Delegated legislation or secondary legislation in the United Kingdom is law that is not enacted by a legislative assembly such as the UK Parliament, but made by a government minister, a delegated person or an authorised body under powers given to them by an Act of Parliament.
Delegate is a small town in far southern New South Wales, Australia in Snowy Monaro Regional Council, 523 kilometres (325 mi) south-southwest of the state capital, Sydney.
Resolution is handled by the UMA optimistic oracle on Polygon. A proposer submits the outcome, a two-hour dispute window opens, and if no one stakes a counter-claim the payout is final. Contested outcomes escalate to UMA token-holder voting. Payouts clear in USDC to the winning side.
The mechanics for trading "DC Delegate Democratic Primary Winner" are the same as any other PolyGram event contract. Each YES share resolves to $1 if the event happens, or $0 if it doesn't. The current price between 0¢ and 100¢ is the market's probability estimate, set live by the order book.
$1K in lifetime turnover and $16K of resting liquidity puts this market in the below the median by volume for house primary contracts on PolyGram. Order-book depth is modest — expect a couple of cents of slippage on $1k+ trades.
Last 24 hours alone saw $463 in turnover, well above the lifetime daily-average for this market — a clear sign of news catalysing trader activity right now.
The market has been open for under a month — fresh enough that information asymmetry remains a real factor.

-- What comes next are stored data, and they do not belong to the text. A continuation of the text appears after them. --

definition closed_in_arr :: "'x set set \<Rightarrow> 'x set set \<Rightarrow> bool" where
  "closed_in_arr \<B> \<A> \<longleftrightarrow> \<B> \<subseteq> \<A> \<and> (\<forall>A \<in> \<A> - \<B>. card (A \<inter> supp \<B>) \<le> 1)"

definition pres_rels :: "'x set \<Rightarrow> 'x set set \<Rightarrow> ('x set \<Rightarrow> ('k, 'x) lterm set) \<Rightarrow> ('k, 'x) lterm set" where
  "pres_rels X \<B> RA = (\<Union>B\<in>\<B>. RA B) \<union>
     {LBr (LV x) (LV y) | x y. x \<in> X \<and> y \<in> X \<and> (\<forall>B\<in>\<B>. \<not> {x, y} \<subseteq> B)}"

definition replacement :: "'x set set \<Rightarrow> ('x set \<Rightarrow> ('k::field, 'x) lterm set) \<Rightarrow> bool" where
  "replacement \<A> RA \<longleftrightarrow> (\<forall>A\<in>\<A>. \<forall>x\<in>A. (\<exists>B\<in>\<A>. B \<noteq> A \<and> x \<in> B) \<longrightarrow>
      derived (RA A) A \<subseteq> subalg_gen (RA A) A (A - {x}))"

definition proj_kernel :: "'x set \<Rightarrow> ('x set \<Rightarrow> ('k::field, 'x) lterm set) \<Rightarrow> 'x set set \<Rightarrow> ('k, 'x) lterm set" where
  "proj_kernel E RA \<B> = {t. lvars t \<subseteq> E \<and>
     lie_cong (pres_rels (supp \<B>) \<B> RA) (killout (supp \<B>) t) LZero}"

end

(* For a closed subfamily B let N be the subalgebra generated by E - supp B.  If x lies outside
   and y inside supp B, then either [x, y] is a defining relation or x and y lie in a common
   member A outside B; there replacement rewrites [x, y] in L_A without y, and the remaining
   generators of A avoid supp B, since A meets supp B only in y.  Thus ad y maps N into itself for
   every y, so N is an ideal, and modulo N every element agrees with its image under pi_B.  Hence
   ker pi_B = N, which is (3).

   For (1), let I be the ideal generated by the triples [x, [y, z]].  As N_i is an ideal,
   [x, L'_{B_i}] lies in I for x outside supp B_i, so the sum of the L'_{B_i} and I is an ideal;
   it contains every bracket of two generators and is therefore all of L'.  Since the relations of
   L_{B_i} hold in L, the sum of the maps pi_{B_i} can be read as an endomorphism of L; it fixes
   each L'_{B_i} (distinct supports share only commuting generators) and kills I.  So
   t = sum_i pi_{B_i}(t) modulo I for every t in L', and for t in J the sum vanishes. *)

theory Submission
  imports Defs
begin

section \<open>Identities modulo Lie relations\<close>

declare lie_cong.trans [trans]

lemma lie_cong_LZero_add: "lie_cong R (LAdd LZero t) t"
  using lie_cong.add_comm lie_cong.add_zero by (rule lie_cong.trans)

lemma lie_cong_smul_zero: "lie_cong R (LSmul 0 t) LZero"
proof -
  have "lie_cong R (LSmul (1 + -1) t) (LAdd (LSmul 1 t) (LSmul (-1) t))"
    by (rule lie_cong.add_smul)
  also have "lie_cong R \<dots> (LAdd t (LSmul (-1) t))"
    by (intro lie_cong.cong_add lie_cong.smul_one lie_cong.refl)
  also have "lie_cong R \<dots> LZero"
    by (rule lie_cong.add_neg)
  finally show ?thesis by simp
qed

lemma lie_cong_LAdd_LZeroI:
  "lie_cong R a LZero \<Longrightarrow> lie_cong R b LZero \<Longrightarrow> lie_cong R (LAdd a b) LZero"
  using lie_cong.cong_add lie_cong.add_zero by (rule lie_cong.trans)

lemma lie_cong_LSmul_LZeroI:
  assumes "lie_cong R a LZero"
  shows "lie_cong R (LSmul c a) LZero"
proof -
  have "lie_cong R (LSmul c a) (LSmul c (LSmul 0 LZero))"
    using assms lie_cong.sym[OF lie_cong_smul_zero] by (blast intro: lie_cong.cong_smul lie_cong.trans)
  also have "lie_cong R \<dots> (LSmul 0 LZero)"
    using lie_cong.smul_smul[of R c 0 LZero] by simp
  also have "lie_cong R \<dots> LZero"
    by (rule lie_cong_smul_zero)
  finally show ?thesis .
qed

lemma lie_cong_LBr_LZeroI_left:
  assumes "lie_cong R a LZero"
  shows "lie_cong R (LBr a b) LZero"
proof -
  have "lie_cong R (LBr a b) (LBr (LSmul 0 a) b)"
    using assms lie_cong.sym[OF lie_cong_smul_zero]
    by (blast intro: lie_cong.cong_br lie_cong.trans lie_cong.refl)
  also have "lie_cong R \<dots> (LSmul 0 (LBr a b))"
    by (rule lie_cong.br_smul_left)
  also have "lie_cong R \<dots> LZero"
    by (rule lie_cong_smul_zero)
  finally show ?thesis .
qed

lemma lie_cong_LBr_LZeroI_right:
  assumes "lie_cong R b LZero"
  shows "lie_cong R (LBr a b) LZero"
proof -
  have "lie_cong R (LBr a b) (LBr a (LSmul 0 b))"
    using assms lie_cong.sym[OF lie_cong_smul_zero]
    by (blast intro: lie_cong.cong_br lie_cong.trans lie_cong.refl)
  also have "lie_cong R \<dots> (LSmul 0 (LBr a b))"
    by (rule lie_cong.br_smul_right)
  also have "lie_cong R \<dots> LZero"
    by (rule lie_cong_smul_zero)
  finally show ?thesis .
qed

lemma lie_cong_neg_if_add_zero:
  assumes "lie_cong R (LAdd u v) LZero"
  shows "lie_cong R u (LSmul (-1) v)"
proof -
  have "lie_cong R u (LAdd u (LAdd v (LSmul (-1) v)))"
    by (meson lie_cong.add_neg lie_cong.add_zero lie_cong.cong_add lie_cong.refl lie_cong.sym
        lie_cong.trans)
  also have "lie_cong R \<dots> (LAdd (LAdd u v) (LSmul (-1) v))"
    by (rule lie_cong.sym[OF lie_cong.add_assoc])
  also have "lie_cong R \<dots> (LAdd LZero (LSmul (-1) v))"
    by (intro lie_cong.cong_add assms lie_cong.refl)
  also have "lie_cong R \<dots> (LSmul (-1) v)"
    by (rule lie_cong_LZero_add)
  finally show ?thesis .
qed

lemma lie_cong_br_antisym: "lie_cong R (LBr a b) (LSmul (-1) (LBr b a))"
proof (rule lie_cong_neg_if_add_zero)
  have "lie_cong R (LAdd (LBr a b) (LBr b a)) (LAdd (LAdd (LBr a a) (LBr a b)) (LAdd (LBr b a) (LBr b b)))"
    by (meson lie_cong.add_zero lie_cong_LZero_add lie_cong.br_alt lie_cong.cong_add lie_cong.refl
        lie_cong.sym lie_cong.trans)
  also have "lie_cong R \<dots> (LAdd (LBr a (LAdd a b)) (LBr b (LAdd a b)))"
    by (intro lie_cong.cong_add lie_cong.sym[OF lie_cong.br_add_right])
  also have "lie_cong R \<dots> (LBr (LAdd a b) (LAdd a b))"
    by (rule lie_cong.sym[OF lie_cong.br_add_left])
  also have "lie_cong R \<dots> LZero"
    by (rule lie_cong.br_alt)
  finally show "lie_cong R (LAdd (LBr a b) (LBr b a)) LZero" .
qed

lemma lie_cong_br_leibniz:
  "lie_cong R (LBr x (LBr y z)) (LAdd (LBr (LBr x y) z) (LBr y (LBr x z)))"
proof -
  have "lie_cong R (LBr x (LBr y z)) (LSmul (-1) (LAdd (LBr y (LBr z x)) (LBr z (LBr x y))))"
    by (intro lie_cong_neg_if_add_zero lie_cong.jacobi)
  also have "lie_cong R \<dots> (LAdd (LSmul (-1) (LBr y (LBr z x))) (LSmul (-1) (LBr z (LBr x y))))"
    by (rule lie_cong.smul_add)
  also have "lie_cong R \<dots> (LAdd (LBr y (LSmul (-1) (LBr z x))) (LBr (LBr x y) z))"
    by (intro lie_cong.cong_add lie_cong.sym[OF lie_cong.br_smul_right]
        lie_cong.sym[OF lie_cong_br_antisym])
  also have "lie_cong R \<dots> (LAdd (LBr y (LBr x z)) (LBr (LBr x y) z))"
    by (intro lie_cong.cong_add lie_cong.cong_br lie_cong.refl lie_cong.sym[OF lie_cong_br_antisym])
  also have "lie_cong R \<dots> (LAdd (LBr (LBr x y) z) (LBr y (LBr x z)))"
    by (rule lie_cong.add_comm)
  finally show ?thesis .
qed

lemma lie_cong_br_br_left:
  "lie_cong R (LBr (LBr a b) c) (LAdd (LBr a (LBr b c)) (LSmul (-1) (LBr b (LBr a c))))"
proof -
  let ?u = "LBr (LBr a b) c" and ?v = "LBr b (LBr a c)"
  have "lie_cong R ?u (LAdd ?u (LAdd ?v (LSmul (-1) ?v)))"
    by (meson lie_cong.add_neg lie_cong.add_zero lie_cong.cong_add lie_cong.refl lie_cong.sym
        lie_cong.trans)
  also have "lie_cong R \<dots> (LAdd (LAdd ?u ?v) (LSmul (-1) ?v))"
    by (rule lie_cong.sym[OF lie_cong.add_assoc])
  also have "lie_cong R \<dots> (LAdd (LBr a (LBr b c)) (LSmul (-1) ?v))"
    by (intro lie_cong.cong_add lie_cong.refl lie_cong.sym[OF lie_cong_br_leibniz])
  finally show ?thesis .
qed

lemma lie_cong_add_add_swap:
  "lie_cong R (LAdd (LAdd a b) (LAdd c d)) (LAdd (LAdd a c) (LAdd b d))"
proof -
  have "lie_cong R (LAdd (LAdd a b) (LAdd c d)) (LAdd a (LAdd (LAdd b c) d))"
    by (meson lie_cong.add_assoc lie_cong.cong_add lie_cong.refl lie_cong.sym lie_cong.trans)
  also have "lie_cong R \<dots> (LAdd a (LAdd (LAdd c b) d))"
    by (intro lie_cong.cong_add lie_cong.add_comm lie_cong.refl)
  also have "lie_cong R \<dots> (LAdd (LAdd a c) (LAdd b d))"
    by (meson lie_cong.add_assoc lie_cong.cong_add lie_cong.refl lie_cong.sym lie_cong.trans)
  finally show ?thesis .
qed

lemma lie_cong_mono:
  assumes "\<And>r. r \<in> R1 \<Longrightarrow> lie_cong R2 r LZero" and "lie_cong R1 a b"
  shows "lie_cong R2 a b"
  using assms(2)
proof (induction rule: lie_cong.induct)
  case (rel r)
  then show ?case by (rule assms(1))
qed (rule lie_cong.intros; assumption)+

Higher-volume markets tend to have tighter spreads and faster price discovery — meaning the displayed YES/NO percentages are more likely to reflect the true crowd-implied probability rather than a single trader's directional view.

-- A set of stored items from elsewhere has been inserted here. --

(* Let $\Omega\subseteq\mathbb{R}^d$ be compact and convex with non-empty interior, and let $p_0,p_1$ be Lebesgue densities supported on $\Omega$ that are continuous on $\Omega$ with $0<\underline{\mathfrak p}\le p_j\le\overline{\mathfrak p}$ on $\Omega$. Let $$\omega(\eta)=\sup_{z,z'\in\Omega,\|z-z'\|\le\eta}\max_{j=0,1}\Big|\frac{p_j(z)}{p_j(z')}-1\Big|$$ and suppose $\omega(\eta)\le L\eta$ for all $\eta>0$, for some $L\ge0$. Let $v$ be the velocity field ($v(t,z)$ given by the formula below for $t\in(0,1)$, $z\in\Omega^\circ$, and $v(0,z)=\mathbb{E}[X_1]-z$, $v(1,z)=z-\mathbb{E}[X_0]$). Then for every $\varepsilon>0$, all $t\in[0,1]$ and $h>0$ with $t+h\in[0,1]$, $$\sup_{z\in\Omega^{-\varepsilon}}\|v(t,z)-v(t+h,z)\|\le2\,\mathrm{diam}(\Omega)\Big(8L\,\mathrm{diam}(\Omega)+\frac{\overline{\mathfrak p}^2}{\underline{\mathfrak p}^2}\frac{4^{d+1}d\,\mathrm{diam}^2(\Omega)}{\varepsilon^2\bar t}\Big)h,$$ where $\bar t=\min\{t,1-t\}$.
   Context: $v(t,z)=\frac{\int_{S_t(z)}\delta p_0(z-t\delta)p_1(z+(1-t)\delta)d\delta}{\int_{S_t(z)}p_0(z-t\delta)p_1(z+(1-t)\delta)d\delta}$ with $S_t(z)=\{\delta: z-t\delta\in\Omega,\ z+(1-t)\delta\in\Omega\}$; $X_0\sim p_0$, $X_1\sim p_1$. $\Omega^{-\varepsilon}=\{x: \mathcal{B}(x,\varepsilon)\subseteq\Omega\}$, where $\mathcal{B}(x,\varepsilon)$ is the closed Euclidean ball. The right-hand side is interpreted as $+\infty$ when $\bar t=0$. *)

theory Defs
  imports "HOL-Analysis.Analysis"
begin

definition Sset :: "'a::euclidean_space set \<Rightarrow> real \<Rightarrow> 'a \<Rightarrow> 'a set" where
  "Sset \<Omega> t z = {\<delta>. z - t *\<^sub>R \<delta> \<in> \<Omega> \<and> z + (1 - t) *\<^sub>R \<delta> \<in> \<Omega>}"

definition vel :: "('a::euclidean_space \<Rightarrow> real) \<Rightarrow> ('a \<Rightarrow> real) \<Rightarrow> 'a set \<Rightarrow> real \<Rightarrow> 'a \<Rightarrow> 'a" where
  "vel p0 p1 \<Omega> t z =
     (if t = 0 then integral UNIV (\<lambda>x. p1 x *\<^sub>R x) - z
      else if t = 1 then z - integral UNIV (\<lambda>x. p0 x *\<^sub>R x)
      else (1 / integral (Sset \<Omega> t z) (\<lambda>\<delta>. p0 (z - t *\<^sub>R \<delta>) * p1 (z + (1 - t) *\<^sub>R \<delta>)))
             *\<^sub>R integral (Sset \<Omega> t z) (\<lambda>\<delta>. (p0 (z - t *\<^sub>R \<delta>) * p1 (z + (1 - t) *\<^sub>R \<delta>)) *\<^sub>R \<delta>))"

definition omega :: "('a::euclidean_space \<Rightarrow> real) \<Rightarrow> ('a \<Rightarrow> real) \<Rightarrow> 'a set \<Rightarrow> real \<Rightarrow> real" where
  "omega p0 p1 \<Omega> \<eta> = Sup {max \<bar>p0 z / p0 z' - 1\<bar> \<bar>p1 z / p1 z' - 1\<bar> | z z'.
                             z \<in> \<Omega> \<and> z' \<in> \<Omega> \<and> norm (z - z') \<le> \<eta>}"

definition inner_set :: "'a::euclidean_space set \<Rightarrow> real \<Rightarrow> 'a set" where
  "inner_set \<Omega> \<epsilon> = {x. cball x \<epsilon> \<subseteq> \<Omega>}"

end

theory Submission
  imports Defs
begin

text \<open>
  Write \<open>w\<^sub>\<tau>(\<delta>) = p\<^sub>0(z - \<tau>\<delta>) p\<^sub>1(z + (1 - \<tau>)\<delta>)\<close>, which vanishes off \<open>S\<^sub>\<tau>(z)\<close>; then
  \<open>v(\<tau>, z) = N\<^sub>\<tau> / Z\<^sub>\<tau>\<close> with \<open>Z\<^sub>\<tau> = \<integral> w\<^sub>\<tau>\<close> and \<open>N\<^sub>\<tau> = \<integral> w\<^sub>\<tau>(\<delta>) \<delta>\<close>. As \<open>|\<delta>| \<le> diam \<Omega>\<close> on
  \<open>S\<^sub>\<tau>(z)\<close>, we get \<open>|v| \<le> diam \<Omega>\<close> and \<open>|v(t, z) - v(s, z)| \<le> 2 diam \<Omega> \<integral> |w\<^sub>t - w\<^sub>s| / Z\<^sub>t\<close>.
  For \<open>s = t + h\<close>, on \<open>S\<^sub>t \<inter> S\<^sub>s\<close> both evaluation points move by \<open>h |\<delta>|\<close>, so the linear bound
  on \<open>\<omega>\<close> makes \<open>w\<^sub>s\<close> and \<open>w\<^sub>t\<close> agree up to the factor \<open>1 \<plusminus> 3 L h diam \<Omega>\<close>. By convexity the rest
  of \<open>S\<^sub>t \<union> S\<^sub>s\<close> lies in two shells \<open>S - c S\<close> with \<open>1 - c \<le> h / min t (1 - t)\<close>, of measure at most
  \<open>d (1 - c) |S|\<close> (Bernoulli); these are charged to \<open>Z\<^sub>t \<ge> p\<^sub>l\<^sup>2 |S\<^sub>t|\<close>, using
  \<open>|S\<^sub>s| \<le> 2\<^sup>d |S\<^sub>t|\<close> when \<open>h \<le> (1 - t) / 2\<close>. Steps with
  \<open>h > (1 - t) / 2\<close> or \<open>L h diam \<Omega> > 1\<close> are already covered by \<open>|v| \<le> diam \<Omega>\<close>.
  The ball \<open>B(z, \<epsilon>) \<subseteq> \<Omega>\<close> is only needed to make \<open>Z\<^sub>\<tau>\<close> positive, and the estimate proved,
  \<open>2 diam \<Omega> (3 L diam \<Omega> + (p\<^sub>u / p\<^sub>l)\<^sup>2 d (1 + 2\<^sup>d) / min t (1 - t)) h\<close>, does not depend
  on \<open>\<epsilon>\<close>.
\<close>

lemma
  fixes g :: "'a::euclidean_space \<Rightarrow> 'b::euclidean_space"
  assumes "compact S" "continuous_on S g" "\<And>x. x \<notin> S \<Longrightarrow> g x = 0"
  shows integrable_on_UNIV_if_vanishing: "g integrable_on UNIV"
    and integral_UNIV_if_vanishing: "integral UNIV g = integral S g"
proof -
  have g_eq: "g = (\<lambda>x. if x \<in> S then g x else 0)"
    using assms(3) by auto
  have "g integrable_on S"
    using assms(1,2)
    by (metis borel_integrable_compact set_borel_integral_eq_integral(1) set_integrable_def)
  then show "g integrable_on UNIV"
    by (subst g_eq) (simp add: integrable_restrict_UNIV)
  show "integral UNIV g = integral S g"
    by (subst g_eq) (simp add: integral_restrict_UNIV)
qed

lemma convex_shorter_step_mem:
  assumes "convex S" "z \<in> S" "z + a *\<^sub>R d \<in> S" "0 \<le> b" "b \<le> a"
  shows "z + b *\<^sub>R d \<in> S"
proof (cases "a = 0")
  case True
  then show ?thesis using assms by auto
next
  case False
  define c where "c = b / a"
  have c: "0 \<le> c" "c \<le> 1"
    using assms False by (auto simp: c_def field_simps)
  have "(1 - c) *\<^sub>R z + c *\<^sub>R (z + a *\<^sub>R d) \<in> S"
    using assms(1-3) c by (intro convexD) auto
  moreover have "(1 - c) *\<^sub>R z + c *\<^sub>R (z + a *\<^sub>R d) = z + b *\<^sub>R d"
    using False by (simp add: c_def algebra_simps)
  ultimately show ?thesis by simp
qed

lemma abs_mult_diff_le_relative:
  fixes p q p' q' e :: real
  assumes "0 \<le> p" "0 \<le> q" "\<bar>p' - p\<bar> \<le> e * p" "\<bar>q' - q\<bar> \<le> e * q" "0 \<le> e" "e \<le> 1"
  shows "\<bar>p * q - p' * q'\<bar> \<le> 3 * e * (p * q)"
proof -
  have split: "p * q - p' * q' = p' * (q - q') + (p - p') * q"
    by (simp add: algebra_simps)
  have "e * p \<le> p"
    using assms by (simp add: mult_left_le_one_le)
  then have "\<bar>p'\<bar> \<le> 2 * p"
    using assms(3) by linarith
  then have "\<bar>p'\<bar> * \<bar>q - q'\<bar> \<le> (2 * p) * (e * q)"
    using assms(4) by (intro mult_mono) (auto simp: abs_minus_commute)
  moreover have "\<bar>p - p'\<bar> * \<bar>q\<bar> \<le> (e * p) * q"
    using assms(2,3) by (intro mult_mono) (auto simp: abs_minus_commute)
  ultimately have "\<bar>p * q - p' * q'\<bar> \<le> (2 * p) * (e * q) + (e * p) * q"
    unfolding split using abs_triangle_ineq[of "p' * (q - q')" "(p - p') * q"]
    by (simp only: abs_mult)
  also have "\<dots> = 3 * e * (p * q)"
    by (simp add: algebra_simps)
  finally show ?thesis .
qed

lemma norm_scaleR_inverse_diff_le:
  fixes x y :: "'a::real_normed_vector"
  assumes "0 < a" "0 < b" "\<bar>a - b\<bar> \<le> I" "norm (x - y) \<le> D * I" "norm y \<le> D * b"
  shows "norm ((1 / a) *\<^sub>R x - (1 / b) *\<^sub>R y) \<le> 2 * D * I / a"
proof -
  have split: "(1 / a) *\<^sub>R x - (1 / b) *\<^sub>R y = (1 / a) *\<^sub>R (x - y) + ((b - a) / (a * b)) *\<^sub>R y"
  proof -
    have "(b - a) / (a * b) = 1 / a - 1 / b"
      using assms(1,2) by (simp add: field_simps)
    then show ?thesis
      by (simp add: scaleR_diff_left scaleR_diff_right)
  qed
  have "norm ((1 / a) *\<^sub>R (x - y)) \<le> D * I / a"
    using assms by (simp add: divide_right_mono)
  moreover have "norm (((b - a) / (a * b)) *\<^sub>R y) \<le> D * I / a"
  proof -
    have "norm (((b - a) / (a * b)) *\<^sub>R y) = (\<bar>a - b\<bar> / (a * b)) * norm y"
      using assms(1,2) by (simp add: abs_minus_commute)
    also have "\<dots> \<le> (I / (a * b)) * (D * b)"
      using assms by (intro mult_mono divide_right_mono) auto
    also have "\<dots> = D * I / a"
      using assms(2) by (simp add: field_simps)
    finally show ?thesis .
  qed
  ultimately have "norm ((1 / a) *\<^sub>R x - (1 / b) *\<^sub>R y) \<le> D * I / a + D * I / a"
    unfolding split by (intro norm_triangle_le) linarith
  then show ?thesis
    by simp
qed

Resolution is handled by the UMA optimistic oracle on Polygon. A proposer submits the outcome, a 2-hour dispute window opens, and if uncontested the payout is final. Contested outcomes escalate to UMA token holders.
This prediction market is scheduled to close on 16 June 2026. After the resolving event occurs, settlement typically clears within 24 hours once the UMA optimistic oracle confirms the outcome. All payouts are in USDC on the Polygon network.

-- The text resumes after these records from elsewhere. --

lemma tendsto_fourier_gseq: "(\<lambda>n. fourier (gseq a n) k) \<longlonglongrightarrow> fourier (g_lim a) k"
proof -
  have "0 \<le> suminf a"
    using partial_sum_le_suminf[of 0] pos[of 0] by simp
  have dist_le: "norm (fourier (g_lim a) k - fourier (gseq a n) k) \<le> lip * (\<Sum>i. a (i + Suc n)) * (2 * suminf a)"
    for n
  proof (rule norm_fourier_diff_le[OF continuous_on_g_lim supported_in_g_lim])
    show "continuous_on UNIV (gseq a n)" "supported_in (suminf a) (gseq a n)"
      using lipschitz_supported_gseq[of n] partial_sum_le_suminf[of n]
      by (auto intro: lipschitz_on_continuous_on supported_in_mono)
  qed (use g_lim_dist_le \<open>0 \<le> suminf a\<close> in auto)
  have "(\<lambda>n. \<Sum>i. a (i + Suc n)) \<longlonglongrightarrow> 0"
    using LIMSEQ_Suc[OF tendsto_suminf_tail[OF summable]] by simp
  from tendsto_mult_right[OF tendsto_mult_left[OF this, where c=lip], where c="2 * suminf a"]
  have "(\<lambda>n. lip * (\<Sum>i. a (i + Suc n)) * (2 * suminf a)) \<longlonglongrightarrow> 0"
    by simp
  then have "(\<lambda>n. fourier (g_lim a) k - fourier (gseq a n) k) \<longlonglongrightarrow> 0"
    by (rule Lim_null_comparison[rotated]) (use dist_le in auto)
  from tendsto_diff[OF tendsto_const this, of "fourier (g_lim a) k"]
  show ?thesis
    by simp
qed

lemma fourier_g_lim_bounds:
  "Im (fourier (g_lim a) k) = 0
   \<and> exp (- A_fun a (sqrt (7/40) * k)) \<le> Re (fourier (g_lim a) k)
   \<and> Re (fourier (g_lim a) k) \<le> exp (- A_fun a (sqrt (1/20) * k))"
proof -
  define P where "P n = (\<Prod>i\<le>n. eta_hat (a i * k))" for n
  have P: "(\<lambda>n. complex_of_real (P n)) \<longlonglongrightarrow> fourier (g_lim a) k"
    using tendsto_fourier_gseq[of k] by (simp add: P_def fourier_gseq)
  have "(\<lambda>n. Im (complex_of_real (P n))) \<longlonglongrightarrow> Im (fourier (g_lim a) k)"
    by (rule tendsto_Im[OF P])
  then have "Im (fourier (g_lim a) k) = 0"
    by (simp add: LIMSEQ_const_iff)
  moreover have Re: "P \<longlonglongrightarrow> Re (fourier (g_lim a) k)"
    using tendsto_Re[OF P] by simp
  have exp_A: "(\<lambda>n. exp (- A_partial a (Suc n) s)) \<longlonglongrightarrow> exp (- A_fun a s)" for s
    by (intro tendsto_exp tendsto_minus LIMSEQ_Suc[OF A_partial_tendsto])
  have "exp (- A_fun a (sqrt (7/40) * k)) \<le> Re (fourier (g_lim a) k)"
    by (intro LIMSEQ_le[OF exp_A Re]) (simp add: P_def prod_eta_hat_bounds)
  moreover have "Re (fourier (g_lim a) k) \<le> exp (- A_fun a (sqrt (1/20) * k))"
    by (intro LIMSEQ_le[OF Re exp_A]) (simp add: P_def prod_eta_hat_bounds)
  ultimately show ?thesis
    by simp
qed

end

theorem mainTheorem5:
  fixes a :: "nat \<Rightarrow> real"
  assumes pos: "\<And>n. a n > 0"
    and summ: "summable a"
  shows "(\<forall>K. compact K \<longrightarrow> uniform_limit K (A_partial a) (A_fun a) sequentially)
    \<and> continuous_on UNIV (A_fun a)
    \<and> (\<forall>k. 0 \<le> A_fun a k \<and> A_fun a k \<le> suminf a * \<bar>k\<bar>)
    \<and> (\<forall>k. A_fun a (- k) = A_fun a k)
    \<and> strict_mono_on {0..} (A_fun a)
    \<and> filterlim (A_fun a) at_top at_top
    \<and> ((\<lambda>k. A_fun a k / \<bar>k\<bar>) \<longlongrightarrow> 0) at_top
    \<and> ((\<lambda>k. A_fun a k / \<bar>k\<bar>) \<longlongrightarrow> 0) (at 0)
    \<and> ((\<lambda>k. A_fun a k / k\<^sup>2) has_integral (pi * suminf a)) {0<..}
    \<and> (\<forall>k. Im (fourier (g_lim a) k) = 0
         \<and> exp (- A_fun a (sqrt (7/40) * k)) \<le> Re (fourier (g_lim a) k)
         \<and> Re (fourier (g_lim a) k) \<le> exp (- A_fun a (sqrt (1/20) * k)))"
proof -
  interpret positive_summable a
    using pos summ by unfold_locales
  show ?thesis
    using uniform_limit_A_partial continuous_on_A_fun A_fun_nonneg A_fun_le_abs A_fun_minus
      strict_mono_on_A_fun filterlim_A_fun_at_top A_fun_over_abs_tendsto_at_top
      A_fun_over_abs_tendsto_at_0 A_fun_over_square_has_integral fourier_g_lim_bounds
    by blast
qed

To trade on this prediction market, create a free PolyGram account at polygram.ink, deposit USDC via Polygon, and place a YES or NO order on the outcome you believe in. You can learn more on our how-it-works page. Your maximum loss is limited to your stake — there is no leverage or margin.
When the outcome is determined, winning YES shares pay out $1.00 each in USDC, while losing shares pay $0. Settlement is handled by the UMA optimistic oracle on Polygon — a proposer submits the result, a two-hour dispute window opens, and if uncontested, payouts are distributed automatically. You can withdraw your winnings to any Polygon wallet.
Prediction-market positions can lose 100% of staked capital. Outcomes are uncertain by definition — historical accuracy of crowd-implied probabilities is high in aggregate but not for any single market. PolyGram does not provide investment advice. Trade only with capital you can afford to lose.
Regulatory status varies by jurisdiction. Germany, the United States, and most EU countries treat Polymarket-style event contracts under one of three frameworks: financial derivative, gambling product, or unregulated novel asset. Consult local counsel before trading.